=== INPUT RECORDS ===

lemma axial_lower_set_eq_axial_set:
  assumes "A \<in> axial_lower_sets d (Suc m)"
  obtains L where "L \<in> axis_profiles d m" "A = axial_set d L"
proof -
  have A: "lower_set d A" "finite A" "card A = Suc m" and axial: "\<forall>x\<in>A. card (supp x) \<le> 1"
    using assms by (auto simp: axial_lower_sets_def lower_sets_def)
  then have "A \<noteq> {}"
    by auto
  have eq: "A = axial_set d (arm_lengths d A)"
    using axial_lower_set_subset_axial_set[OF A(1,2) axial] axial_set_subset_lower_set[OF A(1,2) \<open>A \<noteq> {}\<close>]
    by (rule equalityI)
  then have "sum (arm_lengths d A) {..<d} = m"
    using arg_cong[OF eq, of card] A(3) card_axial_set[of d "arm_lengths d A"] by linarith
  then have "arm_lengths d A \<in> axis_profiles d m"
    by (simp add: axis_profiles_def arm_lengths_def)
  with eq show ?thesis
    using that by blast
qed

lemma bij_betw_axial_set: "bij_betw (axial_set d) (axis_profiles d m) (axial_lower_sets d (Suc m))"
  unfolding bij_betw_def
  using inj_on_axial_set axial_set_in_axial_lower_sets axial_lower_set_eq_axial_set by blast

lemma card_axis_profiles: "finite (axis_profiles d m) \<and> card (axis_profiles d m) = multichoose d m"
proof -
  let ?T = "{l::nat list. length l = d \<and> sum_list l = m}"
  let ?to_fun = "\<lambda>l i. if i < length l then l ! i else 0"
  have bij: "bij_betw (\<lambda>L. map L [0..<d]) (axis_profiles d m) ?T"
  proof (rule bij_betw_byWitness[where f' = ?to_fun])
    show "\<forall>L\<in>axis_profiles d m. ?to_fun (map L [0..<d]) = L"
      by (auto simp: axis_profiles_def fun_eq_iff)
    show "\<forall>l\<in>?T. map (?to_fun l) [0..<d] = l"
      by (auto intro: nth_equalityI)
    show "(\<lambda>L. map L [0..<d]) ` axis_profiles d m \<subseteq> ?T"
      by (auto simp: axis_profiles_def sum_list_sum_nth atLeast0LessThan)
    have "sum (?to_fun l) {..<length l} = sum_list l" for l :: "nat list"
      by (simp add: sum_list_sum_nth atLeast0LessThan)
    then show "?to_fun ` ?T \<subseteq> axis_profiles d m"
      by (auto simp: axis_profiles_def)
  qed
  have "?T \<subseteq> {l. set l \<subseteq> {..m} \<and> length l = d}"
    using member_le_sum_list by fastforce
  then have "finite ?T"
    by (rule finite_subset) (rule finite_lists_length_eq, simp)
  then show ?thesis
    using bij_betw_finite[OF bij] bij_betw_same_card[OF bij] card_length_sum_list[of d m]
    by (simp add: multichoose_def)
qed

===

_WHAT YOU SHOULD DO:_ Search the entries for the string "lemma" and collect each line that has it.

_ANSWER BELOW:_
lemma axial_lower_set_eq_axial_set:
lemma bij_betw_axial_set: "bij_betw (axial_set d) (axis_profiles d m) (axial_lower_sets d (Suc m))"
lemma card_axis_profiles: "finite (axis_profiles d m) \<and> card (axis_profiles d m) = multichoose d m"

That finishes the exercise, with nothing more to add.